EXERCISE INPUTS:
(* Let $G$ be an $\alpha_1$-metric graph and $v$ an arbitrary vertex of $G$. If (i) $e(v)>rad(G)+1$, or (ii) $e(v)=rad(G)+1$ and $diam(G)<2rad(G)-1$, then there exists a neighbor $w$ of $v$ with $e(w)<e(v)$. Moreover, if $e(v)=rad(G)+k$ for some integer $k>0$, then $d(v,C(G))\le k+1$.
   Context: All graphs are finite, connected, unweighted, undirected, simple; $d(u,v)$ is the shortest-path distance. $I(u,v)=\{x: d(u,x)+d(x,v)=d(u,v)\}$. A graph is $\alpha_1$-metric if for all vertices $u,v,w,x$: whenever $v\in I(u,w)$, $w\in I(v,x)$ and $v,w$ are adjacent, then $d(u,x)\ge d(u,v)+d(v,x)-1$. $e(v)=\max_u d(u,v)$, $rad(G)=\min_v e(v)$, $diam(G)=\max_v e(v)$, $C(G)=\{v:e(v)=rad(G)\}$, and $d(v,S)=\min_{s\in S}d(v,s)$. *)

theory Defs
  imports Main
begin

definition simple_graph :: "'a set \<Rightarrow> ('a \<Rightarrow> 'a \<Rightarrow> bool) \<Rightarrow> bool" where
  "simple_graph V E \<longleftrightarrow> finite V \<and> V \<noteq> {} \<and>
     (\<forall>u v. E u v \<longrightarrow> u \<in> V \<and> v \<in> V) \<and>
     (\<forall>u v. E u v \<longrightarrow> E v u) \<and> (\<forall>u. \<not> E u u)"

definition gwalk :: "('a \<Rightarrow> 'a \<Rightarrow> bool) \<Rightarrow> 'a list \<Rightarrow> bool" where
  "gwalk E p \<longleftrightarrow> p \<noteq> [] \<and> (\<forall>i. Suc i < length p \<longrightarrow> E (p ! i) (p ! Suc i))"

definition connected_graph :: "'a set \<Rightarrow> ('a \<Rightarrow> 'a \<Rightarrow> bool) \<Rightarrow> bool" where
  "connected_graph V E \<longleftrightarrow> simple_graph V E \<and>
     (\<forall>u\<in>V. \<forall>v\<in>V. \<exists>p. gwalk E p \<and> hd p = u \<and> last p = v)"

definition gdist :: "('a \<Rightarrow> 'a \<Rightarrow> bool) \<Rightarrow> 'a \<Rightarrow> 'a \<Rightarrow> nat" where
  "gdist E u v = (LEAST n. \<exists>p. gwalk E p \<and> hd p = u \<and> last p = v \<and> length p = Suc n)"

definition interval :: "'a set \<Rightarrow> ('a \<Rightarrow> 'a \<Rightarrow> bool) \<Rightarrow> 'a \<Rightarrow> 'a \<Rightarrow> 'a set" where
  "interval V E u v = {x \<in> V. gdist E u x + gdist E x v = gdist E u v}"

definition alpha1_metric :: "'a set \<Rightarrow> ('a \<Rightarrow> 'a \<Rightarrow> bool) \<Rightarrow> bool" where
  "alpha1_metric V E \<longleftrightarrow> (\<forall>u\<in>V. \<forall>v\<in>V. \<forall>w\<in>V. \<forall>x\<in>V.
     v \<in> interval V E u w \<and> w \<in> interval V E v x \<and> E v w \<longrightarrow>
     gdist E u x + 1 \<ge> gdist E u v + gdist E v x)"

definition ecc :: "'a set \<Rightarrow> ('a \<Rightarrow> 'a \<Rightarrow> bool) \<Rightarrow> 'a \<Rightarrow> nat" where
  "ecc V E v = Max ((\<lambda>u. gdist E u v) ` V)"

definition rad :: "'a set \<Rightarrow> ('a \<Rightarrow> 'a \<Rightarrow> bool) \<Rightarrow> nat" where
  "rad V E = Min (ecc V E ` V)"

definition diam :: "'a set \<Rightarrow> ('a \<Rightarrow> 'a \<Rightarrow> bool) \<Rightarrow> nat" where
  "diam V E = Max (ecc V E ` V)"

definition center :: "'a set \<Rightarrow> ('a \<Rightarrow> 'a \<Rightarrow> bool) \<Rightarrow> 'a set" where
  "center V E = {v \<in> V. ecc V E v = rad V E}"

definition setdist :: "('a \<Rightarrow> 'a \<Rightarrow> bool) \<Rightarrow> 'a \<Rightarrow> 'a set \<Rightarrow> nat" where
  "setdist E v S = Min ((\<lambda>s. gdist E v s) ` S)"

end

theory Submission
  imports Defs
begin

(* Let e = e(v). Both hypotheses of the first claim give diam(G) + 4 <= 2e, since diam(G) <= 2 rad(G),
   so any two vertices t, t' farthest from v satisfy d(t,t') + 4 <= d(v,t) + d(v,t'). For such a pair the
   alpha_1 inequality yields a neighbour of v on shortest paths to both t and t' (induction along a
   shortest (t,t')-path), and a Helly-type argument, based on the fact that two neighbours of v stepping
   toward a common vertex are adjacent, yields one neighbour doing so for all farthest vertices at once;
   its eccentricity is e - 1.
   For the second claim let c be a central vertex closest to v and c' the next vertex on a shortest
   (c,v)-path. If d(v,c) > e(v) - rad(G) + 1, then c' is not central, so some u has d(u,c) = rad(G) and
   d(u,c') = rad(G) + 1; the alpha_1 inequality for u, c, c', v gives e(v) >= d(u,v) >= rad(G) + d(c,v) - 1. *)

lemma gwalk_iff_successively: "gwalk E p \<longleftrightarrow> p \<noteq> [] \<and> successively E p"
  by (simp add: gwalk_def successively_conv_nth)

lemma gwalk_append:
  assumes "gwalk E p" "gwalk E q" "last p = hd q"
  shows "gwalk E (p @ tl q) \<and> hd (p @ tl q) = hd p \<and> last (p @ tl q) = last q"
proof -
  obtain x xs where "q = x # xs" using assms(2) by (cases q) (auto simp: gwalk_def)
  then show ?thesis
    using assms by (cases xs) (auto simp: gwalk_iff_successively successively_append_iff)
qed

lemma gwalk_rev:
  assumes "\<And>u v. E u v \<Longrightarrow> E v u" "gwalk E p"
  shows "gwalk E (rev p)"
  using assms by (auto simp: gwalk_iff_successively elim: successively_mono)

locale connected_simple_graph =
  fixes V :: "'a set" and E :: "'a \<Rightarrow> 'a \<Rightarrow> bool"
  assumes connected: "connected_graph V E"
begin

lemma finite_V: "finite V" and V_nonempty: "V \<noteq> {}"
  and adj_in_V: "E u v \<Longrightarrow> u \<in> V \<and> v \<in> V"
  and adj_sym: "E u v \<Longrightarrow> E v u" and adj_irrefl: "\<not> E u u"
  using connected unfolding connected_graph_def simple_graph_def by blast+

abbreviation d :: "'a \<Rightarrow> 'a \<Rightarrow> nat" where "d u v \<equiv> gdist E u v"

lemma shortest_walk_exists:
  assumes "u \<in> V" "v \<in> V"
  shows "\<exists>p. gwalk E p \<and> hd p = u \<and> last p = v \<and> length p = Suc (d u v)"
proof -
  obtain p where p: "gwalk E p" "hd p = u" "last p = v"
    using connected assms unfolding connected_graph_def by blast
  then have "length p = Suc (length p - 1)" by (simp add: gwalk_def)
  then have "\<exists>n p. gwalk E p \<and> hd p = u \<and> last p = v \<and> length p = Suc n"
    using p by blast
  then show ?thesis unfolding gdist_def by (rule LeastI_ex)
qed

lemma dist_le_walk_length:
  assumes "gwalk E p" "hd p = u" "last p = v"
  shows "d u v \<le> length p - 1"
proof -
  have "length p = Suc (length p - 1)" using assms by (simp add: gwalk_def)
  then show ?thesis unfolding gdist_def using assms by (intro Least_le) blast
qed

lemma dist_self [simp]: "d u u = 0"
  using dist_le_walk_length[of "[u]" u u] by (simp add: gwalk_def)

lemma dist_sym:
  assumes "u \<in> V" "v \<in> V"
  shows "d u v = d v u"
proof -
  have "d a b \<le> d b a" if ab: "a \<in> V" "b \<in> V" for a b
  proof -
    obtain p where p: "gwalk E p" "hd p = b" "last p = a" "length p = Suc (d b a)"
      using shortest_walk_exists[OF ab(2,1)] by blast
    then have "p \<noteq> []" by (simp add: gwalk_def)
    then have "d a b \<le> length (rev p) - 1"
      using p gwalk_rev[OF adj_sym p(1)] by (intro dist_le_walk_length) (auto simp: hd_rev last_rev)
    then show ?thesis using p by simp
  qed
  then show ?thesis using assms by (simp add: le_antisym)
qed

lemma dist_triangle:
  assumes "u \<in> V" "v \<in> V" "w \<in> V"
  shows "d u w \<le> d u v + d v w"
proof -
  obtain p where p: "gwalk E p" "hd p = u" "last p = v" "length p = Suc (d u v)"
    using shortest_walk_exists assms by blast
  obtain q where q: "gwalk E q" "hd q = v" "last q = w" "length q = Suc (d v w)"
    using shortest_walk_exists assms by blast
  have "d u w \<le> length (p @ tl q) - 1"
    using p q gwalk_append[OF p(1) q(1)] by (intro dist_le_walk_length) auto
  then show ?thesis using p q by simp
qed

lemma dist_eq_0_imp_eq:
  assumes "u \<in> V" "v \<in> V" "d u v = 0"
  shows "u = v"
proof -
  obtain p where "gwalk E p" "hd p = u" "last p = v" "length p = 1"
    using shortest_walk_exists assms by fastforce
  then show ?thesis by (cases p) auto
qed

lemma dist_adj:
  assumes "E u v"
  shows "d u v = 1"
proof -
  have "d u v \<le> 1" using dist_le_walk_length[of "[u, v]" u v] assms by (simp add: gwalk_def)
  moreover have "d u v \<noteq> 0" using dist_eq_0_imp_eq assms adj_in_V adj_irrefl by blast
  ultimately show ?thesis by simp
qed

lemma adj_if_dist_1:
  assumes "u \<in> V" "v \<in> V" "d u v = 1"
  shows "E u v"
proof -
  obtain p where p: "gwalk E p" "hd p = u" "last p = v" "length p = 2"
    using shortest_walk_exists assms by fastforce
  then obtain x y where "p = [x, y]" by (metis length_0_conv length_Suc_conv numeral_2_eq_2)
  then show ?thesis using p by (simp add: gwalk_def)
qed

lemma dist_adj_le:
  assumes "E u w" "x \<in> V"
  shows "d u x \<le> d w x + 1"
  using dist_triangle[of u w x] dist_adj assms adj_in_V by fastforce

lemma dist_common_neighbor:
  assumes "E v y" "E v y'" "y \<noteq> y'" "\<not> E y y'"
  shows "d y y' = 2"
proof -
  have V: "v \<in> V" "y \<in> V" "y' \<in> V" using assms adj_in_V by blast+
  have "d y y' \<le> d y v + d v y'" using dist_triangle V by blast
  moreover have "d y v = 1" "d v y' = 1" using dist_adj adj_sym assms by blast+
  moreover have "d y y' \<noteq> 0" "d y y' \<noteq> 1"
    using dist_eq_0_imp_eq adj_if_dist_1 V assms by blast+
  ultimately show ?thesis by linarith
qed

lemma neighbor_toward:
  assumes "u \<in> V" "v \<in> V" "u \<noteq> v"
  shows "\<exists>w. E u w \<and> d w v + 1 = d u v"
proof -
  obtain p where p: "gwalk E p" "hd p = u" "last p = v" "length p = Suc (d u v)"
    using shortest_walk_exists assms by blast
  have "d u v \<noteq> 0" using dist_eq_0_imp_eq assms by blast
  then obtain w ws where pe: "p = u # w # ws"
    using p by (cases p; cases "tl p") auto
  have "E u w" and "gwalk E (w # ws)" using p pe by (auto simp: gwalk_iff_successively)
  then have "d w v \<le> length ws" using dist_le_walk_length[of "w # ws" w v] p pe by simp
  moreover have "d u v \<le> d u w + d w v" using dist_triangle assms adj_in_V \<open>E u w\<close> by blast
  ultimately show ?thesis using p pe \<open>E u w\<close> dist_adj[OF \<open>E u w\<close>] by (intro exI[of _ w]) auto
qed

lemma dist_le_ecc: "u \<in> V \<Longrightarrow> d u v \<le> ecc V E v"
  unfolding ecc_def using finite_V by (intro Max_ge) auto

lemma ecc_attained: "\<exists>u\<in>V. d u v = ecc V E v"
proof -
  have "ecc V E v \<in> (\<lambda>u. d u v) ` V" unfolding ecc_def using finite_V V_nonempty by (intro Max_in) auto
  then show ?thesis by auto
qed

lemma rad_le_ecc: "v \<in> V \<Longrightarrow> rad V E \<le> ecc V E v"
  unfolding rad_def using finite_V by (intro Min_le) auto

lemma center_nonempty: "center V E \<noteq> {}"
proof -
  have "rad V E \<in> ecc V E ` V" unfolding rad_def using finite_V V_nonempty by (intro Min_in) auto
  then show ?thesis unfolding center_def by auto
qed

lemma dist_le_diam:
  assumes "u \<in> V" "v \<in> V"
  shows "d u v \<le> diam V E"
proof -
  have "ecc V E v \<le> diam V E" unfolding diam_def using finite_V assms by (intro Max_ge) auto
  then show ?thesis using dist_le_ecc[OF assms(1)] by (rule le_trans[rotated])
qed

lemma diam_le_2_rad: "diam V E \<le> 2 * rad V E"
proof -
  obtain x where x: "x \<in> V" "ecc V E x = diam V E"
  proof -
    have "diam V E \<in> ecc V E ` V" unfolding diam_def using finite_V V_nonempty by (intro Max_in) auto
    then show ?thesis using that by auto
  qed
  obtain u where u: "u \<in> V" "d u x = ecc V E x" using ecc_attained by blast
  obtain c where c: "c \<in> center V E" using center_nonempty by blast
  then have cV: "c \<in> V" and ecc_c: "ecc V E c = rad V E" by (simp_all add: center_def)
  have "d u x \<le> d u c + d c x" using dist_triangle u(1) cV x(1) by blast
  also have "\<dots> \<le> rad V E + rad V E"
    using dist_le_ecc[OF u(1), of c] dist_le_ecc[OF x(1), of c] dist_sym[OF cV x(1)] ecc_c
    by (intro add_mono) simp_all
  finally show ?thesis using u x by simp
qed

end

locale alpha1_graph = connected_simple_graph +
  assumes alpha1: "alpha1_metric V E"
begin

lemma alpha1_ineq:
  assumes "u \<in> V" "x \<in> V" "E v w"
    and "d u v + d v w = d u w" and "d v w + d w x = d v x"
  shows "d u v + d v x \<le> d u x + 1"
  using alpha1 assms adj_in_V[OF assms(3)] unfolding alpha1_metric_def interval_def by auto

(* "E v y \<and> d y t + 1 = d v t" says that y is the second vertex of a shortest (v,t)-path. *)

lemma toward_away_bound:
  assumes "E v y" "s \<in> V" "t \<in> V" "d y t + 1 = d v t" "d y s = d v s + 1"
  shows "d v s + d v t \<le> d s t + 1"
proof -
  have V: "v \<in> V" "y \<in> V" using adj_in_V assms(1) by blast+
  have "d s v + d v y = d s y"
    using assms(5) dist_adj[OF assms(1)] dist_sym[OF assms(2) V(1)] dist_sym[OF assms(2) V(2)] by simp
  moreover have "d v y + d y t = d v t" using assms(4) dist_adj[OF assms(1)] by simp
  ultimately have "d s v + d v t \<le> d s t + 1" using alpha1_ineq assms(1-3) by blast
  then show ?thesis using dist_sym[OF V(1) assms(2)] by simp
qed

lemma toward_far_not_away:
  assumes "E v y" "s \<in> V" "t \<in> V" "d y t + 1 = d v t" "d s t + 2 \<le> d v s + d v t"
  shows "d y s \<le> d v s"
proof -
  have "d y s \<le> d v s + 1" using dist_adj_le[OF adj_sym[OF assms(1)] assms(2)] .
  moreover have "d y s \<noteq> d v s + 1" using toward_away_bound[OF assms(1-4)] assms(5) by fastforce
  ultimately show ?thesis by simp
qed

REQUIREMENT: Please return every line of the records that contains the word "setdist".

OUTPUT FOR THIS EXERCISE:
definition setdist :: "('a \<Rightarrow> 'a \<Rightarrow> bool) \<Rightarrow> 'a \<Rightarrow> 'a set \<Rightarrow> nat" where
  "setdist E v S = Min ((\<lambda>s. gdist E v s) ` S)"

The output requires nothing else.